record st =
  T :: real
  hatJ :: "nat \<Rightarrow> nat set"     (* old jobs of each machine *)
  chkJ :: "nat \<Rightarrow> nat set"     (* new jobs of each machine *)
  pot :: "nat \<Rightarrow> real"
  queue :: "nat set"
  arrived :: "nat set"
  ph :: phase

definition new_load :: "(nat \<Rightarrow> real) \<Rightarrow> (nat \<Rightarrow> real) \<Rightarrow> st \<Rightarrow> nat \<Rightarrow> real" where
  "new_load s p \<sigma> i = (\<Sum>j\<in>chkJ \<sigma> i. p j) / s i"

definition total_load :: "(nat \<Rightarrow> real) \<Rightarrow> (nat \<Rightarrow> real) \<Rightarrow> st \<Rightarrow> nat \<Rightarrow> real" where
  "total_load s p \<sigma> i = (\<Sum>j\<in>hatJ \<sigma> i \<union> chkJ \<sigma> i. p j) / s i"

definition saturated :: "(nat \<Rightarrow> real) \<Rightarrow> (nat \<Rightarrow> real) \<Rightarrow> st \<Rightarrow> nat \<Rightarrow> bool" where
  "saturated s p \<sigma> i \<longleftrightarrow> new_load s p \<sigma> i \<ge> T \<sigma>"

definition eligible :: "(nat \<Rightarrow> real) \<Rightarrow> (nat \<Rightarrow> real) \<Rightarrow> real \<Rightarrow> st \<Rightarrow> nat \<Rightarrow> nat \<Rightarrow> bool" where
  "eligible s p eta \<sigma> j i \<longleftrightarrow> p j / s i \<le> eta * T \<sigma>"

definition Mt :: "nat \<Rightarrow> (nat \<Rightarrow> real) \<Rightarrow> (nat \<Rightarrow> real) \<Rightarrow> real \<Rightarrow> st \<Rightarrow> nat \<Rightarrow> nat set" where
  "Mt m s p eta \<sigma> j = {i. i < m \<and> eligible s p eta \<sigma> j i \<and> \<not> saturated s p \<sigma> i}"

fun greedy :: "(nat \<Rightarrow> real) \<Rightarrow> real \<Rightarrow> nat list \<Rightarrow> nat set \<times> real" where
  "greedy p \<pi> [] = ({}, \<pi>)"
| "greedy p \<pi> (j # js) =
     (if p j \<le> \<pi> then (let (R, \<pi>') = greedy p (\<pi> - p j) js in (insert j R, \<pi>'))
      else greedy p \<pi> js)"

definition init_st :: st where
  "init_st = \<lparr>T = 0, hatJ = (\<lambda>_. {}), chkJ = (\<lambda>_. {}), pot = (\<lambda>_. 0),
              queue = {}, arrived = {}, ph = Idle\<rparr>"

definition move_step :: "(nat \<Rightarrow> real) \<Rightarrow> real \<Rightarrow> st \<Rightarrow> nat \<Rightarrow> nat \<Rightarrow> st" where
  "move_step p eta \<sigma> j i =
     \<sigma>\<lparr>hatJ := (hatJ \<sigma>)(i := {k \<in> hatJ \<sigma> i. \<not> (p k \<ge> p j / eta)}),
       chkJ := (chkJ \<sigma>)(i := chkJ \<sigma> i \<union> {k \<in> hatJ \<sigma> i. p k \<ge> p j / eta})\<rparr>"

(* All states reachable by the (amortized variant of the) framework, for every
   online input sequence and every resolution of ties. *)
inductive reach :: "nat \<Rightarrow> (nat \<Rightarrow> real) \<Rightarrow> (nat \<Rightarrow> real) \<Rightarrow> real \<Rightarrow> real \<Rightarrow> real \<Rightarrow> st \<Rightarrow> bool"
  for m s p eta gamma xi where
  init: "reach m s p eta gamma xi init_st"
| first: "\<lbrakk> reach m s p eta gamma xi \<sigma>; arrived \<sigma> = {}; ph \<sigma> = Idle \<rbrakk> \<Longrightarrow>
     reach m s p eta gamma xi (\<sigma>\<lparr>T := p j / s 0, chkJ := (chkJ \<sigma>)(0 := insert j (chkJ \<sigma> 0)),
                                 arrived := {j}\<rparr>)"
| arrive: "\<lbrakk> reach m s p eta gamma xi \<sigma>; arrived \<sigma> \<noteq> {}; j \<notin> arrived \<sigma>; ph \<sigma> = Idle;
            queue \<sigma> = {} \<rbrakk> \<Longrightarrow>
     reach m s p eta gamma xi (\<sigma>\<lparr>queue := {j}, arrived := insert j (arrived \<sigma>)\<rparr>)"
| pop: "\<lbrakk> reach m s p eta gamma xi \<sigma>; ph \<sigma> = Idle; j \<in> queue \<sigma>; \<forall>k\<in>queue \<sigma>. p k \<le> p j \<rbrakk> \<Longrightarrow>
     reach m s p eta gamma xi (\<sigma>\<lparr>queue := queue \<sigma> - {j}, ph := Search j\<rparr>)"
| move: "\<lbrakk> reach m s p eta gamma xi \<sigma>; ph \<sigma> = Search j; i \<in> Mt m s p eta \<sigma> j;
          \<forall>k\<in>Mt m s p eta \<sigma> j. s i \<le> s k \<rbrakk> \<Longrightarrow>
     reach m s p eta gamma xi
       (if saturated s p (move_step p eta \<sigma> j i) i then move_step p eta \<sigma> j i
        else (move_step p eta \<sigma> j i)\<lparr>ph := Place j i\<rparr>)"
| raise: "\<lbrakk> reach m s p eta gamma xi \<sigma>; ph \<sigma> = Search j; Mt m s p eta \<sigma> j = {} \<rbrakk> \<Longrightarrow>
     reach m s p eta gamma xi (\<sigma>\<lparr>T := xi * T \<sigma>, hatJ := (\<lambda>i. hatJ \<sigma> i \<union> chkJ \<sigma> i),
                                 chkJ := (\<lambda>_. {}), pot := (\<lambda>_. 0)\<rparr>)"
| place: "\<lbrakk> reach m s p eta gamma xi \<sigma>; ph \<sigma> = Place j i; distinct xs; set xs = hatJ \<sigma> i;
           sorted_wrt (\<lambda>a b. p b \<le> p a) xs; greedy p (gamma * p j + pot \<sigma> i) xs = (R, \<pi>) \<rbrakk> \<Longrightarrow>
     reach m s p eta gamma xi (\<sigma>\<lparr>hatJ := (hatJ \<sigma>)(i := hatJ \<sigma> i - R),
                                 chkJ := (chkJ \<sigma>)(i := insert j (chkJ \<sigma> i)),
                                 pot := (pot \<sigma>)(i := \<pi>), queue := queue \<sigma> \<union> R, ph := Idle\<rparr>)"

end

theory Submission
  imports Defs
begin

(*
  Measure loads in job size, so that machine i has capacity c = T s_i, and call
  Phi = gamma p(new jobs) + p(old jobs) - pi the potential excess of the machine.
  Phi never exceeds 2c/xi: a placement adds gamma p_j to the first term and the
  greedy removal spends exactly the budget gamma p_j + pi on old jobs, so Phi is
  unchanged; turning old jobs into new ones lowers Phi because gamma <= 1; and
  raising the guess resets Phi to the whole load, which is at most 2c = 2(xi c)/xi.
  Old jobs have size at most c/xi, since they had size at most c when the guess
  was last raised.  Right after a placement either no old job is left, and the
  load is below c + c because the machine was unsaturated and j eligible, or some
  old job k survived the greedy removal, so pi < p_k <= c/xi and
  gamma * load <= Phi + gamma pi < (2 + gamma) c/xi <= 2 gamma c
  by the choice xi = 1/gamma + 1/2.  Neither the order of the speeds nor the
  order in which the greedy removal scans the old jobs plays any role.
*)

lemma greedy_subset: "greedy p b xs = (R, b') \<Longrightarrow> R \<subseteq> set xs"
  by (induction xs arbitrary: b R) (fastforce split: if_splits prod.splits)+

--

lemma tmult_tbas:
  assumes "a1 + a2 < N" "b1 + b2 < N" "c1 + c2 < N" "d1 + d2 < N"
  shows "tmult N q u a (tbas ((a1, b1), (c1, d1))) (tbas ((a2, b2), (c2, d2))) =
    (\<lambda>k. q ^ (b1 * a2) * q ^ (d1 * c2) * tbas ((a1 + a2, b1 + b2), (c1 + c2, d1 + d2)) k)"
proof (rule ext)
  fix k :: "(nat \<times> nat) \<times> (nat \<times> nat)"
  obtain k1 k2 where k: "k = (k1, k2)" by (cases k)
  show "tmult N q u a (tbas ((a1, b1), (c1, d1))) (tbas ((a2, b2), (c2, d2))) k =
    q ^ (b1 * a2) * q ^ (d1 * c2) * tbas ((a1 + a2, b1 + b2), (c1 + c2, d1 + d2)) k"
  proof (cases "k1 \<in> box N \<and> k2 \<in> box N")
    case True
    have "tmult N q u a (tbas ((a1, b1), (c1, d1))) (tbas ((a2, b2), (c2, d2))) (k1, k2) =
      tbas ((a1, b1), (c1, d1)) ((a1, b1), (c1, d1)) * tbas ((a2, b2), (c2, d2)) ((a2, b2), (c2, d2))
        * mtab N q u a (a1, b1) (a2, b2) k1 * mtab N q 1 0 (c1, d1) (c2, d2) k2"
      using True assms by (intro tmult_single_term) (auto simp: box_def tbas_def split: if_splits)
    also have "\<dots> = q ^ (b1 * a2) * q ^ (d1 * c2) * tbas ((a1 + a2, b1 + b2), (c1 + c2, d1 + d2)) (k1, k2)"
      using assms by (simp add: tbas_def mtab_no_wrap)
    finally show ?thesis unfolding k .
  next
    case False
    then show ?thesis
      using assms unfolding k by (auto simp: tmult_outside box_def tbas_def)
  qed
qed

--

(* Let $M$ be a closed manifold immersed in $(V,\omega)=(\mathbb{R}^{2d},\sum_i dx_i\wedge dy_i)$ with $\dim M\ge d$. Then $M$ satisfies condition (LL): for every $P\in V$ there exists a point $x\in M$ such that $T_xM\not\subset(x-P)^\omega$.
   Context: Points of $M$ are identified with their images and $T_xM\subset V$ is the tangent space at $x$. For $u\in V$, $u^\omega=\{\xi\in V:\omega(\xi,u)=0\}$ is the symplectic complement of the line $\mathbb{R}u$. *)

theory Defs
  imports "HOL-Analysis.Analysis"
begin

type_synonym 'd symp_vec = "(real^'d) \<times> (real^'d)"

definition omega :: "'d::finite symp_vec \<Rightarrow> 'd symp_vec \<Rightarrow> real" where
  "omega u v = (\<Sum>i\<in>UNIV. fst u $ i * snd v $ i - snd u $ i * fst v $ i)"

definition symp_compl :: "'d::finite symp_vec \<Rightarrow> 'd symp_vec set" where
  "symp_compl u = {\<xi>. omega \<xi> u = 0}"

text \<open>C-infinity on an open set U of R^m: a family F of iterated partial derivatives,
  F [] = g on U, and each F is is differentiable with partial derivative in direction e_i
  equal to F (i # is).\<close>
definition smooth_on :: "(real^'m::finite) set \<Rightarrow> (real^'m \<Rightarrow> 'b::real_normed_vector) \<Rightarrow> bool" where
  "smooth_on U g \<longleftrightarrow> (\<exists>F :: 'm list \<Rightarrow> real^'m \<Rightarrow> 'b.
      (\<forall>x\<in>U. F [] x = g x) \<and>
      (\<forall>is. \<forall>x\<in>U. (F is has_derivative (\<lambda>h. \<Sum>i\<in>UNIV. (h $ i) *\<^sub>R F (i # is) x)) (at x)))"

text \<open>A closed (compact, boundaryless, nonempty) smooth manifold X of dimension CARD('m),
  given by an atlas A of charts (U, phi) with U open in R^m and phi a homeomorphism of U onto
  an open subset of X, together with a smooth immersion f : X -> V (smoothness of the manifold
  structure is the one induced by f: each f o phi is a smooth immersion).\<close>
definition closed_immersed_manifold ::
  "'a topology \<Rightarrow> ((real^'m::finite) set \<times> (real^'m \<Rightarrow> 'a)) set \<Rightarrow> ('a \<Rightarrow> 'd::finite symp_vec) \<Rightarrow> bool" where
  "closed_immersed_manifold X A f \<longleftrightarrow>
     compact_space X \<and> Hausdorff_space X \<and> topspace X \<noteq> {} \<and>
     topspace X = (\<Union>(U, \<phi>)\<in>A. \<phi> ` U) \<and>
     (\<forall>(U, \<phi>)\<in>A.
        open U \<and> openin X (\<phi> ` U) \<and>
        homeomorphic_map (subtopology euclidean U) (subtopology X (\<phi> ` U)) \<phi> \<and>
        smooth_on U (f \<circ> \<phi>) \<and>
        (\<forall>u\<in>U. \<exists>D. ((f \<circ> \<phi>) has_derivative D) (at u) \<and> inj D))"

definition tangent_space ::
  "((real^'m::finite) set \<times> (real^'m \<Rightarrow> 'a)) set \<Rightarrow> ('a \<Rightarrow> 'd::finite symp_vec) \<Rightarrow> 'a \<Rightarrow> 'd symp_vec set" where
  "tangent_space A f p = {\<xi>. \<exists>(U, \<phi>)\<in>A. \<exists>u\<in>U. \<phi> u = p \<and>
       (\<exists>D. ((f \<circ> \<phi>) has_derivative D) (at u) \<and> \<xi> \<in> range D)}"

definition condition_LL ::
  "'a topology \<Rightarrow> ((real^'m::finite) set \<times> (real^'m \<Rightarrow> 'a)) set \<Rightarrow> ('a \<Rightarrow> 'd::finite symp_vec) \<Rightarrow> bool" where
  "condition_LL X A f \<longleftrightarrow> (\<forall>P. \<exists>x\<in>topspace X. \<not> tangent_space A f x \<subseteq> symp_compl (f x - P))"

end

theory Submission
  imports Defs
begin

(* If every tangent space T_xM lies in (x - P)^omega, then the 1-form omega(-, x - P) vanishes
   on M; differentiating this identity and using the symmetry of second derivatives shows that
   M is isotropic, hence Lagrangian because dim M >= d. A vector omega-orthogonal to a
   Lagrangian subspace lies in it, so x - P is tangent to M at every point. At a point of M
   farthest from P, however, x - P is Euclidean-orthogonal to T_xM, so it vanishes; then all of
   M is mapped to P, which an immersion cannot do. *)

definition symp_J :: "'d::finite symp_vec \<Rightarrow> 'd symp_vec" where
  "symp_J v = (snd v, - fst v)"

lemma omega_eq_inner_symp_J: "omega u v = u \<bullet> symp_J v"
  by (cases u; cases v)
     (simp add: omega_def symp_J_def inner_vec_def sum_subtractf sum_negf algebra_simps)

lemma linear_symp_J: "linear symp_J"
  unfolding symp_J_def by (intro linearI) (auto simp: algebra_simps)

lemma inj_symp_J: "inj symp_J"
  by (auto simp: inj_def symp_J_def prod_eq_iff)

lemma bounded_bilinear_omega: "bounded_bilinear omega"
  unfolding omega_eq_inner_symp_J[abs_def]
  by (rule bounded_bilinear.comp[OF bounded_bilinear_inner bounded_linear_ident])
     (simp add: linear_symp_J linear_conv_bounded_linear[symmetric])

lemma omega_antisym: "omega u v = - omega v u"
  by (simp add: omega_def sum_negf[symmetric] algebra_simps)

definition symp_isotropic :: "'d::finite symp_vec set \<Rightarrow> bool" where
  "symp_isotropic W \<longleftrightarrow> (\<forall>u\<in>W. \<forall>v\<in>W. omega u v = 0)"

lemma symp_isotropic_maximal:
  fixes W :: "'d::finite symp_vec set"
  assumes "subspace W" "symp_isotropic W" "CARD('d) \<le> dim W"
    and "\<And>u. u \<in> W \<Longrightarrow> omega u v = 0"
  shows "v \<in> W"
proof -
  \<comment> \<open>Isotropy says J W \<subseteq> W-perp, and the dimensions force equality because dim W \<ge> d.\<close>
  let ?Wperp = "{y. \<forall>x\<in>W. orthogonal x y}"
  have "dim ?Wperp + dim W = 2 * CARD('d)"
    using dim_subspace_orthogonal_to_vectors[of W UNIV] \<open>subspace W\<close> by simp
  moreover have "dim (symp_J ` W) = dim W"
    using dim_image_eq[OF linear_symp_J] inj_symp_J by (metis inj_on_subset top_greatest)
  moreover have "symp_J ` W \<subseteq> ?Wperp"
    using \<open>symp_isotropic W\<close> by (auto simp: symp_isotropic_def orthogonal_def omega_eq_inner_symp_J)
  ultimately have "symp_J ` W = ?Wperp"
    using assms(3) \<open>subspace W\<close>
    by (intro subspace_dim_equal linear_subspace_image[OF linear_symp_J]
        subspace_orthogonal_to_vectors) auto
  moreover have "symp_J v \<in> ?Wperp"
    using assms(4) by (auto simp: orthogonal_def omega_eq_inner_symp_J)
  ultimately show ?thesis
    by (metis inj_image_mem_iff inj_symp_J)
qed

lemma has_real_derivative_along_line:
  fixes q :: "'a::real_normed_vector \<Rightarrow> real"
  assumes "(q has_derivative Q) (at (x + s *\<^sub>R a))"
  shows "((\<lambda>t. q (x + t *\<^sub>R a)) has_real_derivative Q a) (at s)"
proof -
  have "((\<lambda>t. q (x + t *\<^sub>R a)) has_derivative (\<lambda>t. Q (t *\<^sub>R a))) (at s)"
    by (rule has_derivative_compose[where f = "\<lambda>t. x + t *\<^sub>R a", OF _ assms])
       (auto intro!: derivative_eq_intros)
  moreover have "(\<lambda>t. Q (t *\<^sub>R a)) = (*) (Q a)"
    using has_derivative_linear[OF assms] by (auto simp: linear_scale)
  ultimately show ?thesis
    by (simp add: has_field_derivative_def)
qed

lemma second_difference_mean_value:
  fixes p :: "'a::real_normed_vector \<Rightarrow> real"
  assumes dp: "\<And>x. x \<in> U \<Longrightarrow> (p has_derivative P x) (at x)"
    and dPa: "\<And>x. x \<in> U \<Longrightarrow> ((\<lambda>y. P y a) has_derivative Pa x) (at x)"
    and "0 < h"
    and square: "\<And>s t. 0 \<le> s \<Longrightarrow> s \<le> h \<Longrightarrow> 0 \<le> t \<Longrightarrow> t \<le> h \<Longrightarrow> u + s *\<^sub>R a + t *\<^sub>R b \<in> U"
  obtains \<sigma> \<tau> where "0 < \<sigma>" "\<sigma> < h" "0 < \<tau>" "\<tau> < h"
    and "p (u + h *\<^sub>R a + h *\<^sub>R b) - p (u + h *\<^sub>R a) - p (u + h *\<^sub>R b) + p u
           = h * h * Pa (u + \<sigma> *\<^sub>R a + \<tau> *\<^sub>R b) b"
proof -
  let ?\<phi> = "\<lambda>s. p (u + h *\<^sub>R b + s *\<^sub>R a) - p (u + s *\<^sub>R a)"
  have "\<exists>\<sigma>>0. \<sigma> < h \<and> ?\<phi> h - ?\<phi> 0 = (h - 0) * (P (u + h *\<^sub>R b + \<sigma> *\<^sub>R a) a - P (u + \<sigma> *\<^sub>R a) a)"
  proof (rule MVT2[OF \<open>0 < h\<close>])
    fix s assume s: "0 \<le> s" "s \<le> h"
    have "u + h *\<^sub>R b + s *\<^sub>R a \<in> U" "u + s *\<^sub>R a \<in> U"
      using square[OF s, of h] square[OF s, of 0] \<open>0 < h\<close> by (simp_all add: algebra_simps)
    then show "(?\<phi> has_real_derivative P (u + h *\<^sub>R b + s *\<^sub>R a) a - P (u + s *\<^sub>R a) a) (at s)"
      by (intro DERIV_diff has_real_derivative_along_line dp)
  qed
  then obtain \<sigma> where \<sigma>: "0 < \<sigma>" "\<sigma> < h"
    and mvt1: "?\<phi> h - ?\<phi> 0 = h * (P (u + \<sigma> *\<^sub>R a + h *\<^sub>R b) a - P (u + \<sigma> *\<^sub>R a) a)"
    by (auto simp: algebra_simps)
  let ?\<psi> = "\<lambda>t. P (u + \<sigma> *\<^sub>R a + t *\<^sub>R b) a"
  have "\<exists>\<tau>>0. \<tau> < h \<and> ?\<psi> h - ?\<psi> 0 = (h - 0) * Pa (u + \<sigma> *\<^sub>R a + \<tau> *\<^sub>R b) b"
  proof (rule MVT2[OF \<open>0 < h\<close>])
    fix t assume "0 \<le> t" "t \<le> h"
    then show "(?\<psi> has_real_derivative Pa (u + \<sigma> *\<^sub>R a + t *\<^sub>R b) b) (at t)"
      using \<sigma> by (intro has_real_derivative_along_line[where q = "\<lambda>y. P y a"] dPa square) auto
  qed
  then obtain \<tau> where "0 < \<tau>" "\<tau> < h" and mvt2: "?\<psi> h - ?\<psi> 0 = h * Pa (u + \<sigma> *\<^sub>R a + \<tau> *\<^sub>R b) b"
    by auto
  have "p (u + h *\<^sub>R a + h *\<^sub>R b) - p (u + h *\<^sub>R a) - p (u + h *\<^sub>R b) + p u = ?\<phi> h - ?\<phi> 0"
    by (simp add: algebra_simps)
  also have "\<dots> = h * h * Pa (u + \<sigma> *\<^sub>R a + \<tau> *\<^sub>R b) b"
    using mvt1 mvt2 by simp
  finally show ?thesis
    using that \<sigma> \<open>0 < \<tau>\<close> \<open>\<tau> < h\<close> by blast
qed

→ Work item: Within the data above, the lines from the one with "ph :: phase" to the one with "m \<and> eligible" must be repeated exactly; no other line belongs in the answer.

→ Completed exercise:
  ph :: phase

definition new_load :: "(nat \<Rightarrow> real) \<Rightarrow> (nat \<Rightarrow> real) \<Rightarrow> st \<Rightarrow> nat \<Rightarrow> real" where
  "new_load s p \<sigma> i = (\<Sum>j\<in>chkJ \<sigma> i. p j) / s i"

definition total_load :: "(nat \<Rightarrow> real) \<Rightarrow> (nat \<Rightarrow> real) \<Rightarrow> st \<Rightarrow> nat \<Rightarrow> real" where
  "total_load s p \<sigma> i = (\<Sum>j\<in>hatJ \<sigma> i \<union> chkJ \<sigma> i. p j) / s i"

definition saturated :: "(nat \<Rightarrow> real) \<Rightarrow> (nat \<Rightarrow> real) \<Rightarrow> st \<Rightarrow> nat \<Rightarrow> bool" where
  "saturated s p \<sigma> i \<longleftrightarrow> new_load s p \<sigma> i \<ge> T \<sigma>"

definition eligible :: "(nat \<Rightarrow> real) \<Rightarrow> (nat \<Rightarrow> real) \<Rightarrow> real \<Rightarrow> st \<Rightarrow> nat \<Rightarrow> nat \<Rightarrow> bool" where
  "eligible s p eta \<sigma> j i \<longleftrightarrow> p j / s i \<le> eta * T \<sigma>"

definition Mt :: "nat \<Rightarrow> (nat \<Rightarrow> real) \<Rightarrow> (nat \<Rightarrow> real) \<Rightarrow> real \<Rightarrow> st \<Rightarrow> nat \<Rightarrow> nat set" where
  "Mt m s p eta \<sigma> j = {i. i < m \<and> eligible s p eta \<sigma> j i \<and> \<not> saturated s p \<sigma> i}"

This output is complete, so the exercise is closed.